Regulation of the shadow banking system, with its non-exchange traded (over-the-counter, private contracts) and customized derivative instruments, is surely top on the priority list of all financial market reform proposals. But as Alan Blinder writes in a WSJ op-ed, the preferred approach of standardizing derivatives and moving their trading into organized exchanges will run up against formidable obstacles.

"The primary beneficiaries of customization are the ... five big Wall Street firms... If they can stave off standardization and exchange trading, comparison shopping will remain very difficult and profit margins will remain sky high. But if reform makes standardized, exchange-traded products dominant, competition will squeeze profit margins to the bone."

In addition to providing information about prices and volumes, exchange trading would subject derivatives to a full range of regulations, including disclosure and reporting requirements and stricter antifraud rules. And as expected, as a Times op-ed writes, the proposals now under discussion before the US Senate does not appear very promising

"The bill would allow too many trades to be done off the exchanges. Regulators would be able to police them, but there would be no ongoing investor oversight. There are carve-outs for certain corporate users of derivatives and for contracts tailored to unique purposes. The bill also would allow the Treasury secretary to exempt an entire type of derivative known as foreign exchange swaps. Corporate pension funds that invest in derivatives would be subjected to less scrutiny than is required of many other investors. The financing arms of major manufacturers would also escape full scrutiny. All of that is going in the wrong direction."

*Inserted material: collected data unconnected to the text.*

subsection \<open>The curvature flow of centroaffine curves\<close>

lemma vector3_coordinates_unique:
  fixes e0 e1 e2 :: "real^3"
  assumes "det (vector [e0, e1, e2] :: real^3^3) \<noteq> 0"
    and "a0 *\<^sub>R e0 + a1 *\<^sub>R e1 + a2 *\<^sub>R e2 = b0 *\<^sub>R e0 + b1 *\<^sub>R e1 + b2 *\<^sub>R e2"
  shows "a0 = b0 \<and> a1 = b1 \<and> a2 = b2"
proof -
  have "a0 * e0 $ i + a1 * e1 $ i + a2 * e2 $ i = b0 * e0 $ i + b1 * e1 $ i + b2 * e2 $ i" for i
    using arg_cong[OF assms(2), of "\<lambda>v. v $ i"] by simp
  from this[of 1] this[of 2] this[of 3] assms(1) show ?thesis
    unfolding det_3 by (simp add: vector_def) algebra
qed

locale centroaffine_flow = curvature_pair K H for K H +
  fixes G :: "nat \<Rightarrow> nat \<Rightarrow> real \<Rightarrow> real \<Rightarrow> real^3"
  assumes G: "smooth_partials G"
    and unimodular: "det (vector [G 0 0 x t, G 1 0 x t, G 2 0 x t] :: real^3^3) = 1"
    and frenet: "G 3 0 x t = (K 1 0 x t + H 0 0 x t) *\<^sub>R G 0 0 x t + K 0 0 x t *\<^sub>R G 1 0 x t"
    and flow: "G 0 1 x t = - (H 1 0 x t + 1/3 * (K 2 0 x t + 2 * K 0 0 x t ^ 2)) *\<^sub>R G 0 0 x t
      + H 0 0 x t *\<^sub>R G 1 0 x t + K 0 0 x t *\<^sub>R G 2 0 x t"
begin

definition in_frame :: "nat \<Rightarrow> nat \<Rightarrow> real \<Rightarrow> (real \<Rightarrow> real) \<times> (real \<Rightarrow> real) \<times> (real \<Rightarrow> real) \<Rightarrow> bool" where
  "in_frame i j t = (\<lambda>(a, b, c).
     \<forall>y. G i j y t = a y *\<^sub>R G 0 0 y t + b y *\<^sub>R G 1 0 y t + c y *\<^sub>R G 2 0 y t)"

definition frame_step :: "real \<Rightarrow> (real \<Rightarrow> real) \<times> (real \<Rightarrow> real) \<times> (real \<Rightarrow> real)
    \<Rightarrow> (real \<Rightarrow> real) \<times> (real \<Rightarrow> real) \<times> (real \<Rightarrow> real)" where
  "frame_step t = (\<lambda>(a, b, c). (\<lambda>y. deriv a y + c y * (K 1 0 y t + H 0 0 y t),
     \<lambda>y. a y + deriv b y + c y * K 0 0 y t, \<lambda>y. b y + deriv c y))"

lemma in_frame_x_derivative:
  assumes "in_frame i j t abc" and "\<And>y. fst abc field_differentiable at y"
    and "\<And>y. fst (snd abc) field_differentiable at y" "\<And>y. snd (snd abc) field_differentiable at y"
  shows "in_frame (Suc i) j t (frame_step t abc)"
proof -
  obtain a b c where abc: "abc = (a, b, c)"
    by (cases abc) blast
  have "G (Suc i) j x t = (deriv a x + c x * (K 1 0 x t + H 0 0 x t)) *\<^sub>R G 0 0 x t
      + (a x + deriv b x + c x * K 0 0 x t) *\<^sub>R G 1 0 x t + (b x + deriv c x) *\<^sub>R G 2 0 x t" for x
  proof -
    have "((\<lambda>y. a y *\<^sub>R G 0 0 y t + b y *\<^sub>R G 1 0 y t + c y *\<^sub>R G 2 0 y t) has_vector_derivative
        (a x *\<^sub>R G 1 0 x t + deriv a x *\<^sub>R G 0 0 x t) + (b x *\<^sub>R G 2 0 x t + deriv b x *\<^sub>R G 1 0 x t)
        + (c x *\<^sub>R G 3 0 x t + deriv c x *\<^sub>R G 2 0 x t)) (at x)"
      using assms(2-4) smooth_partials_vector_derivative_x[OF G] unfolding abc
      by (intro has_vector_derivative_add has_vector_derivative_scaleR)
         (auto simp: DERIV_deriv_iff_field_differentiable numeral_2_eq_2 numeral_3_eq_3)
    moreover have "(\<lambda>y. G i j y t) = (\<lambda>y. a y *\<^sub>R G 0 0 y t + b y *\<^sub>R G 1 0 y t + c y *\<^sub>R G 2 0 y t)"
      using assms(1) by (auto simp: in_frame_def abc)
    ultimately have "G (Suc i) j x t = (a x *\<^sub>R G 1 0 x t + deriv a x *\<^sub>R G 0 0 x t)
        + (b x *\<^sub>R G 2 0 x t + deriv b x *\<^sub>R G 1 0 x t) + (c x *\<^sub>R G 3 0 x t + deriv c x *\<^sub>R G 2 0 x t)"
      using vector_derivative_unique_at[OF smooth_partials_vector_derivative_x[OF G, of i j t x]] by simp
    then show ?thesis
      by (simp add: frenet algebra_simps)
  qed
  then show ?thesis
    by (simp add: in_frame_def frame_step_def abc)
qed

The Times op-ed advocates going beyond mere regulation of derivatives and proposes an outright ban on abusive derivatives like that sold by Goldman

"The Goldman deal was nothing more than a bet on the mortgage market, in which one side was destined to win and the other to lose, without 'investing' anything in the real economy. The CDO did not hold actual mortgage-related bonds, but rather allowed the participants to stake a position on whether bonds owned by others would perform well, or tank. And that helped to further inflate the housing bubble. That is not investing. It is gambling, and it is abusive. It has no place in banks that can bring down the system if they fail... Congress should ban both gaming and abusive derivatives. That would help clarify the difference between pure speculation and true hedging. It would start to restore what has been lost in the crisis: public confidence in the integrity of financial markets."

In many respects, the final outcome on the regulation of the shadow banking system will be the acid test for the extent of influence wielded by the Wall Street firms on the Washington establishment. No other reform proposal impinges so directly and immediately on the profitability of Wall Street. Unless something dramatic happens, I am inclined to believe that any reform to bring derivatives under the umbrella of the regulatory agencies will be considerably diluted by what it excludes from its ambit.

The Goldman scandal, which involved the use of precisely such customized derivative products (in this case, synthetic CDOs, with underlying CDS's), and the momentum of public outrage generated by it is an excellent opportunity to bell the cat on reforming the shadow-banking system.

Update 1 (13/12/2010)

Excellent NYT article on how the big banks control the derivatives trading processes, preventing the development of independent clearing houses and electronic trading platforms.